В течение тринадцати лет я встречался с Валей Стеничем почти ежедневно, почти каждый день послеобеденные часы он пролеживал у меня в кабинете на диване, он был человек с открытой душой и делился со мной почти каждым своим помыслом, и все же я чувствую, что бессилен его описать. Он был ярок, как павлиний хвост, и так многоцветен, что у меня не хватает красок. Первоначально мы сошлись с ним на любви к стихам. Мы без конца читали друг другу стихи и удивлялись совпадению наших вкусов. Так же как и я, из поэтов двадцатого века он превыше всего ставил Блока. Он знал Блока всего наизусть и, когда читал мне его стихи, поминутно снимал очки, чтобы вытереть слезы. Очень любил некоторые стихи Маяковского. Подобно мне, любил Мандельштама и Ходасевича. Из старых поэтов он, как и я, любил Некрасова, Фета, Полонского, которых в те годы в среде интеллигентной молодежи не любили, не знали и, не зная, презирали.
Как я уже говорил, в эпоху нашей дружбы он больше не писал стихов и не считал себя поэтом.
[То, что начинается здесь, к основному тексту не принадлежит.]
(* Let $\mathcal{C}$ be a covering of a finite set $E$. For $x\in E$ let $N(x)=\bigcap\{K\in\mathcal{C}:x\in K\}$, and define $VH:2^E\to 2^E$ by $VH(X)=\bigcup\{N(x):x\in E,\ N(x)\cap X\neq\emptyset\}$. Then $VH$ is the closure operator of some matroid on $E$ if and only if $\{VH(\{x\}):x\in E\}$ forms a partition of $E$.
   Context: A covering of $E$ is a family of nonempty subsets of $E$ with union $E$. "$\{VH(\{x\}):x\in E\}$ forms a partition" means the distinct sets among the $VH(\{x\})$ are pairwise disjoint (their union is $E$ since $x\in VH(\{x\})$). The closure operator of a matroid with rank function $r$ is $cl(X)=\{a\in E:r(X\cup\{a\})=r(X)\}$. *)

theory Defs
  imports Main
begin

definition covering :: "'a set \<Rightarrow> 'a set set \<Rightarrow> bool" where
  "covering E \<C> \<longleftrightarrow> (\<forall>K\<in>\<C>. K \<noteq> {} \<and> K \<subseteq> E) \<and> \<Union>\<C> = E"

definition Nbh :: "'a set set \<Rightarrow> 'a \<Rightarrow> 'a set" where
  "Nbh \<C> x = \<Inter>{K\<in>\<C>. x \<in> K}"

definition VH :: "'a set \<Rightarrow> 'a set set \<Rightarrow> 'a set \<Rightarrow> 'a set" where
  "VH E \<C> X = \<Union>{Nbh \<C> x | x. x \<in> E \<and> Nbh \<C> x \<inter> X \<noteq> {}}"

definition matroid_rank :: "'a set \<Rightarrow> ('a set \<Rightarrow> nat) \<Rightarrow> bool" where
  "matroid_rank E r \<longleftrightarrow> finite E \<and>
     (\<forall>X. X \<subseteq> E \<longrightarrow> r X \<le> card X) \<and>
     (\<forall>X Y. X \<subseteq> Y \<and> Y \<subseteq> E \<longrightarrow> r X \<le> r Y) \<and>
     (\<forall>X Y. X \<subseteq> E \<and> Y \<subseteq> E \<longrightarrow> r (X \<union> Y) + r (X \<inter> Y) \<le> r X + r Y)"

definition matroid_cl :: "'a set \<Rightarrow> ('a set \<Rightarrow> nat) \<Rightarrow> 'a set \<Rightarrow> 'a set" where
  "matroid_cl E r X = {a\<in>E. r (X \<union> {a}) = r X}"

definition forms_partition :: "'a set \<Rightarrow> ('a \<Rightarrow> 'a set) \<Rightarrow> bool" where
  "forms_partition E S \<longleftrightarrow> (\<forall>x\<in>E. \<forall>y\<in>E. S x = S y \<or> S x \<inter> S y = {})"

end

theory Submission
  imports Defs
begin

text \<open>Both directions rest on the fact that a point lies in \<open>VH({x})\<close> iff it shares
some \<open>N(z)\<close> with \<open>x\<close>, a reflexive and symmetric relation, and \<open>VH(X)\<close> is the union
of the \<open>VH({x})\<close> over \<open>x \<in> X\<close>. If \<open>VH\<close> is a matroid closure, closures of singletons
are transitive, so this relation is an equivalence and its classes partition \<open>E\<close>.
Conversely, if the \<open>VH({x})\<close> partition \<open>E\<close>, the rank counting the classes met by \<open>X\<close>
is a matroid rank whose closure adds exactly the classes met by \<open>X\<close>, i.e. \<open>VH(X)\<close>.\<close>

lemma Nbh_subset:
  assumes "covering E C" "z \<in> E"
  shows "Nbh C z \<subseteq> E"
proof -
  obtain K where "K \<in> C" "z \<in> K" using assms unfolding covering_def by blast
  then show ?thesis using assms(1) unfolding covering_def Nbh_def by blast
qed

lemma mem_VH_singleton_iff: "a \<in> VH E C {x} \<longleftrightarrow> (\<exists>z\<in>E. a \<in> Nbh C z \<and> x \<in> Nbh C z)"
  unfolding VH_def by blast

lemma VH_eq_UN_singleton: "VH E C X = (\<Union>x\<in>X. VH E C {x})"
  unfolding VH_def by blast

lemma VH_singleton_sym: "a \<in> VH E C {x} \<Longrightarrow> x \<in> VH E C {a}"
  unfolding mem_VH_singleton_iff by blast

lemma VH_singleton_refl: "x \<in> E \<Longrightarrow> x \<in> VH E C {x}"
  unfolding mem_VH_singleton_iff Nbh_def by blast

lemma VH_subset: "covering E C \<Longrightarrow> VH E C X \<subseteq> E"
  unfolding VH_def by (auto dest: Nbh_subset)

lemma matroid_cl_singleton_trans:
  assumes r: "matroid_rank E r" and E: "x \<in> E" "y \<in> E"
    and ax: "a \<in> matroid_cl E r {x}" and xy: "x \<in> matroid_cl E r {y}"
  shows "a \<in> matroid_cl E r {y}"
proof -
  have submod: "\<And>X Y. X \<subseteq> E \<Longrightarrow> Y \<subseteq> E \<Longrightarrow> r (X \<union> Y) + r (X \<inter> Y) \<le> r X + r Y"
    and mono: "\<And>X Y. X \<subseteq> Y \<Longrightarrow> Y \<subseteq> E \<Longrightarrow> r X \<le> r Y"
    using r unfolding matroid_rank_def by blast+
  have aE: "a \<in> E" and "r {x,a} = r {x}" "r {y,x} = r {y}"
    using ax xy unfolding matroid_cl_def by (auto simp: insert_commute)
  moreover have "r ({y,x} \<union> {x,a}) + r ({y,x} \<inter> {x,a}) \<le> r {y,x} + r {x,a}"
    using E aE by (intro submod) auto
  moreover have "r {x} \<le> r ({y,x} \<inter> {x,a})" "r {y,a} \<le> r ({y,x} \<union> {x,a})" "r {y} \<le> r {y,a}"
    using E aE by (auto intro!: mono)
  ultimately have "r {y,a} = r {y}" by linarith
  then show ?thesis using aE unfolding matroid_cl_def by (simp add: insert_commute)
qed

lemma forms_partitionI:
  assumes "\<And>x. x \<in> E \<Longrightarrow> S x \<subseteq> E"
    and sym: "\<And>a x. a \<in> S x \<Longrightarrow> x \<in> S a"
    and trans: "\<And>a x y. x \<in> E \<Longrightarrow> y \<in> E \<Longrightarrow> a \<in> S x \<Longrightarrow> x \<in> S y \<Longrightarrow> a \<in> S y"
  shows "forms_partition E S"
  unfolding forms_partition_def
proof (intro ballI)
  fix x y assume x: "x \<in> E" and y: "y \<in> E"
  show "S x = S y \<or> S x \<inter> S y = {}"
  proof (cases "S x \<inter> S y = {}")
    case False
    then obtain a where a: "a \<in> S x" "a \<in> S y" by blast
    with assms(1) x have aE: "a \<in> E" by blast
    have "x \<in> S y" "y \<in> S x"
      using trans[OF aE y sym[OF a(1)] a(2)] trans[OF aE x sym[OF a(2)] a(1)] .
    then have "S x = S y" using trans[OF x y] trans[OF y x] by blast
    then show ?thesis ..
  qed simp
qed

lemma forms_partition_eq:
  assumes "forms_partition E S" "\<And>x. x \<in> E \<Longrightarrow> x \<in> S x"
    and "a \<in> E" "x \<in> E" "a \<in> S x"
  shows "S a = S x"
  using assms unfolding forms_partition_def by blast

lemma matroid_rank_card_image:
  assumes "finite E"
  shows "matroid_rank E (\<lambda>X. card (f ` X))"
  unfolding matroid_rank_def
proof (intro conjI allI impI)
  show "finite E" by fact
  fix X assume "X \<subseteq> E"
  then show "card (f ` X) \<le> card X"
    using assms by (meson card_image_le finite_subset)
next
  fix X Y assume "X \<subseteq> Y \<and> Y \<subseteq> E"
  then show "card (f ` X) \<le> card (f ` Y)"
    using assms by (meson card_mono finite_imageI finite_subset image_mono)
next
  fix X Y assume "X \<subseteq> E \<and> Y \<subseteq> E"
  then have fin: "finite (f ` X)" "finite (f ` Y)" using assms finite_subset by auto
  have "card (f ` (X \<inter> Y)) \<le> card (f ` X \<inter> f ` Y)"
    using fin by (intro card_mono) auto
  then show "card (f ` (X \<union> Y)) + card (f ` (X \<inter> Y)) \<le> card (f ` X) + card (f ` Y)"
    using card_Un_Int[OF fin] by (simp add: image_Un)
qed

lemma matroid_cl_card_image:
  assumes "finite X"
  shows "matroid_cl E (\<lambda>X. card (f ` X)) X = {a \<in> E. f a \<in> f ` X}"
  using assms unfolding matroid_cl_def by (auto simp: card_insert_if)

lemma VH_eq_if_forms_partition:
  assumes C: "covering E C" and p: "forms_partition E (\<lambda>x. VH E C {x})" and X: "X \<subseteq> E"
  shows "VH E C X = {a \<in> E. VH E C {a} \<in> (\<lambda>x. VH E C {x}) ` X}"
proof (intro equalityI subsetI)
  fix a assume "a \<in> VH E C X"
  then obtain x where x: "x \<in> X" and ax: "a \<in> VH E C {x}"
    unfolding VH_eq_UN_singleton[of E C X] by blast
  have aE: "a \<in> E" using VH_subset[OF C] ax by blast
  have "VH E C {a} = VH E C {x}"
    using forms_partition_eq[OF p VH_singleton_refl aE _ ax] x X by blast
  then show "a \<in> {a \<in> E. VH E C {a} \<in> (\<lambda>x. VH E C {x}) ` X}" using aE x by auto
next
  fix a assume "a \<in> {a \<in> E. VH E C {a} \<in> (\<lambda>x. VH E C {x}) ` X}"
  then obtain x where "a \<in> E" "x \<in> X" "VH E C {a} = VH E C {x}" by blast
  then have "x \<in> X" "a \<in> VH E C {x}" using VH_singleton_refl[of a E C] by auto
  then show "a \<in> VH E C X" unfolding VH_eq_UN_singleton[of E C X] by blast
qed

lemma forms_partition_VH_singleton_if_matroid_cl:
  assumes C: "covering E C" and r: "matroid_rank E r"
    and cl: "\<And>x. x \<in> E \<Longrightarrow> VH E C {x} = matroid_cl E r {x}"
  shows "forms_partition E (\<lambda>x. VH E C {x})"
proof (rule forms_partitionI)
  fix a x y assume E: "x \<in> E" "y \<in> E" and "a \<in> VH E C {x}" "x \<in> VH E C {y}"
  then have "a \<in> matroid_cl E r {x}" "x \<in> matroid_cl E r {y}" by (simp_all add: cl)
  then show "a \<in> VH E C {y}" using matroid_cl_singleton_trans[OF r E] cl[OF E(2)] by blast
qed (rule VH_subset[OF C], erule VH_singleton_sym)

theorem theorem11:
  fixes E :: "'a set" and \<C> :: "'a set set"
  assumes "finite E" and "covering E \<C>"
  shows "(\<exists>r. matroid_rank E r \<and> (\<forall>X. X \<subseteq> E \<longrightarrow> VH E \<C> X = matroid_cl E r X))
         \<longleftrightarrow> forms_partition E (\<lambda>x. VH E \<C> {x})"
proof
  assume "\<exists>r. matroid_rank E r \<and> (\<forall>X. X \<subseteq> E \<longrightarrow> VH E \<C> X = matroid_cl E r X)"
  then obtain r where r: "matroid_rank E r"
    and cl: "\<forall>X. X \<subseteq> E \<longrightarrow> VH E \<C> X = matroid_cl E r X"
    by blast
  show "forms_partition E (\<lambda>x. VH E \<C> {x})"
    using cl by (intro forms_partition_VH_singleton_if_matroid_cl[OF assms(2) r]) simp
next
  assume p: "forms_partition E (\<lambda>x. VH E \<C> {x})"
  let ?f = "\<lambda>x. VH E \<C> {x}"
  have "VH E \<C> X = matroid_cl E (\<lambda>X. card (?f ` X)) X" if "X \<subseteq> E" for X
    unfolding VH_eq_if_forms_partition[OF assms(2) p that]
    by (rule matroid_cl_card_image[OF finite_subset[OF that assms(1)], symmetric])
  then show "\<exists>r. matroid_rank E r \<and> (\<forall>X. X \<subseteq> E \<longrightarrow> VH E \<C> X = matroid_cl E r X)"
    using matroid_rank_card_image[OF assms(1)] by blast
qed

end
lemma same_orbit_only_if:
  assumes \<rho>1: "\<rho>1 \<in> P" and \<rho>2: "\<rho>2 \<in> P" and o: "act \<rho>2 y \<in> orbit P' act (act \<rho>1 y)"
  shows "\<forall>d\<in>D. (d < inv \<rho>1 a \<longleftrightarrow> d < inv \<rho>2 a) \<and> (d = inv \<rho>1 a \<longleftrightarrow> d = inv \<rho>2 a)"
proof -
  have G1: "\<rho>1 \<in> Gaut" using \<rho>1 by (auto simp: pstab_def)
  have G2: "\<rho>2 \<in> Gaut" using \<rho>2 by (auto simp: pstab_def)
  obtain \<pi> where \<pi>: "\<pi> \<in> P'" "act \<rho>2 y = act \<pi> (act \<rho>1 y)" using o by (auto simp: orbit_def)
  have \<pi>G: "\<pi> \<in> Gaut" and \<pi>a: "\<pi> a = a" using \<pi>(1) by (auto simp: pstab_def)
  have \<pi>P: "\<pi> \<in> P" using \<pi>(1) P'_subset_P by auto
  define \<kappa> where "\<kappa> = inv \<rho>2 \<circ> (\<pi> \<circ> \<rho>1)"
  have kP: "\<kappa> \<in> P" unfolding \<kappa>_def
    using subgrp_comp[OF subgrp_pstab subgrp_inv[OF subgrp_pstab \<rho>2] subgrp_comp[OF subgrp_pstab \<pi>P \<rho>1]] .
  have "act \<kappa> y = act (inv \<rho>2) (act \<pi> (act \<rho>1 y))"
    unfolding \<kappa>_def using gact_comp[OF gact_Y] G1 G2 \<pi>G y gact_closed[OF gact_Y] by simp
  also have "\<dots> = y" using \<pi>(2) gact_inv_act[OF gact_Y G2 y] by simp
  finally have "\<kappa> \<in> pstab D" using kP HD by (auto simp: stab_def)
  then have "\<forall>d\<in>D. inv \<rho>2 (\<pi> (\<rho>1 d)) = d" by (simp add: pstab_def \<kappa>_def)
  then have e: "\<forall>d\<in>D. \<pi> (\<rho>1 d) = \<rho>2 d" using G2 by (metis Gaut_f_inv_f)
  show ?thesis
  proof
    fix d assume d: "d \<in> D"
    have "sgn (\<rho>1 d - a) = sgn (\<rho>2 d - a)"
      using sgn_diff_Gaut[OF \<pi>G, of "\<rho>1 d" a] e d \<pi>a by simp
    then have "sgn (d - inv \<rho>1 a) = sgn (d - inv \<rho>2 a)"
      using sgn_diff_Gaut_inv[OF G1] sgn_diff_Gaut_inv[OF G2] by simp
    moreover have "x < y \<longleftrightarrow> sgn (x - y) = -1" "x = y \<longleftrightarrow> sgn (x - y) = 0" for x y :: real
      by (auto simp: sgn_real_def)
    ultimately show "(d < inv \<rho>1 a \<longleftrightarrow> d < inv \<rho>2 a) \<and> (d = inv \<rho>1 a \<longleftrightarrow> d = inv \<rho>2 a)"
      by metis
  qed
qed

definition base_orbit where "base_orbit = orbit P act y"

definition fibre where "fibre = {Q \<in> orbits P' Y act. orbit P act (SOME z. z \<in> Q) = base_orbit}"

definition orbit_mover where "orbit_mover Q = (SOME \<rho>. \<rho> \<in> P \<and> (SOME z. z \<in> Q) = act \<rho> y)"

definition orbit_point where "orbit_point Q = inv (orbit_mover Q) a"

definition codes :: "(real + real option) set" where
  "codes = Inl ` D_cut \<union> Inr ` (insert None (Some ` D_cut))"

lemma subgrp_P': "subgrp P'" by (rule subgrp_pstab)
lemma subgrp_P: "subgrp P" by (rule subgrp_pstab)

lemma fibre_mover:
  assumes Q: "Q \<in> fibre"
  shows "orbit_mover Q \<in> P" "(SOME z. z \<in> Q) = act (orbit_mover Q) y" "Q = orbit P' act (act (orbit_mover Q) y)"
proof -
  have QO: "Q \<in> orbits P' Y act" and eq: "orbit P act (SOME z. z \<in> Q) = base_orbit" using Q by (auto simp: fibre_def)
  have r: "(SOME z. z \<in> Q) \<in> Y" "Q = orbit P' act (SOME z. z \<in> Q)"
    using some_in_orbit[OF subgrp_P' gact_Y QO] by auto
  have "(SOME z. z \<in> Q) \<in> orbit P act (SOME z. z \<in> Q)" using orbit_self[OF subgrp_P gact_Y r(1)] .
  then have "(SOME z. z \<in> Q) \<in> orbit P act y" using eq by (simp add: base_orbit_def)
  then have ex: "\<exists>\<rho>. \<rho> \<in> P \<and> (SOME z. z \<in> Q) = act \<rho> y" by (auto simp: orbit_def)
  have "orbit_mover Q \<in> P \<and> (SOME z. z \<in> Q) = act (orbit_mover Q) y"
    unfolding orbit_mover_def by (rule someI_ex[OF ex])
  then show "orbit_mover Q \<in> P" "(SOME z. z \<in> Q) = act (orbit_mover Q) y" by auto
  then show "Q = orbit P' act (act (orbit_mover Q) y)" using r(2) by simp
qed
(* Let $\Gamma$ be a Neumaier graph with parameters $(n,k,\lambda;a,c)$. Then the number of edges of $\Gamma$ is at least $$k(k-\lambda)+(k-c+1)(a-1)+\frac{(k-c+1)(\lambda-a+1)}{2}+\frac{(c-1)(c-2)}{2}.$$
   Context: All graphs are finite, simple, undirected and connected. A graph is edge-regular with parameters $(n,k,\lambda)$ if it has $n$ vertices, is $k$-regular, and any two adjacent vertices have exactly $\lambda$ common neighbours. A clique $C$ is a regular clique with nexus $a$ if every vertex not in $C$ has exactly $a$ neighbours in $C$. A Neumaier graph is a non-complete edge-regular graph containing a regular clique; it has parameters $(n,k,\lambda;a,c)$ if it is edge-regular with parameters $(n,k,\lambda)$ and contains a regular clique of size $c$ with nexus $a$. *)

theory Defs
  imports Complex_Main
begin

definition simple_graph :: "'a set \<Rightarrow> ('a \<Rightarrow> 'a \<Rightarrow> bool) \<Rightarrow> bool" where
  "simple_graph V E \<longleftrightarrow> finite V \<and> (\<forall>u v. E u v \<longrightarrow> u \<in> V \<and> v \<in> V)
     \<and> (\<forall>u v. E u v \<longrightarrow> E v u) \<and> (\<forall>v. \<not> E v v)"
Он слишком любил и понимал поэзию, чтобы не видеть, как слабы были его собственные попытки. Он даже скрывал, что прежде писал стихи, и никогда не читал мне тех своих стихов, которые когда-то читал Блоку.
В нашей дружбе не было равенства. Он был старше меня на семь лет, и это чувствовалось всегда, а особенно вначале. Нередко он обращался со мной насмешливо, но я не обижался, так как любил его и твердо знал, что он меня любит. Чаще всего издевался он над моей неряшливостью. Говорил, например, про мой галстук, что чуть я его снимаю, он сам ползет в помойное ведро. Мои брюки, утверждал он, до того просалились, что стали тверды, как жестяные трубы, и я, раздеваясь по вечерам, ставлю их возле кровати стоймя, а утром впрыгиваю в них сверху.
Я хохотал вместе с ним, чувствуя, что под насмешкой скрывается ласка.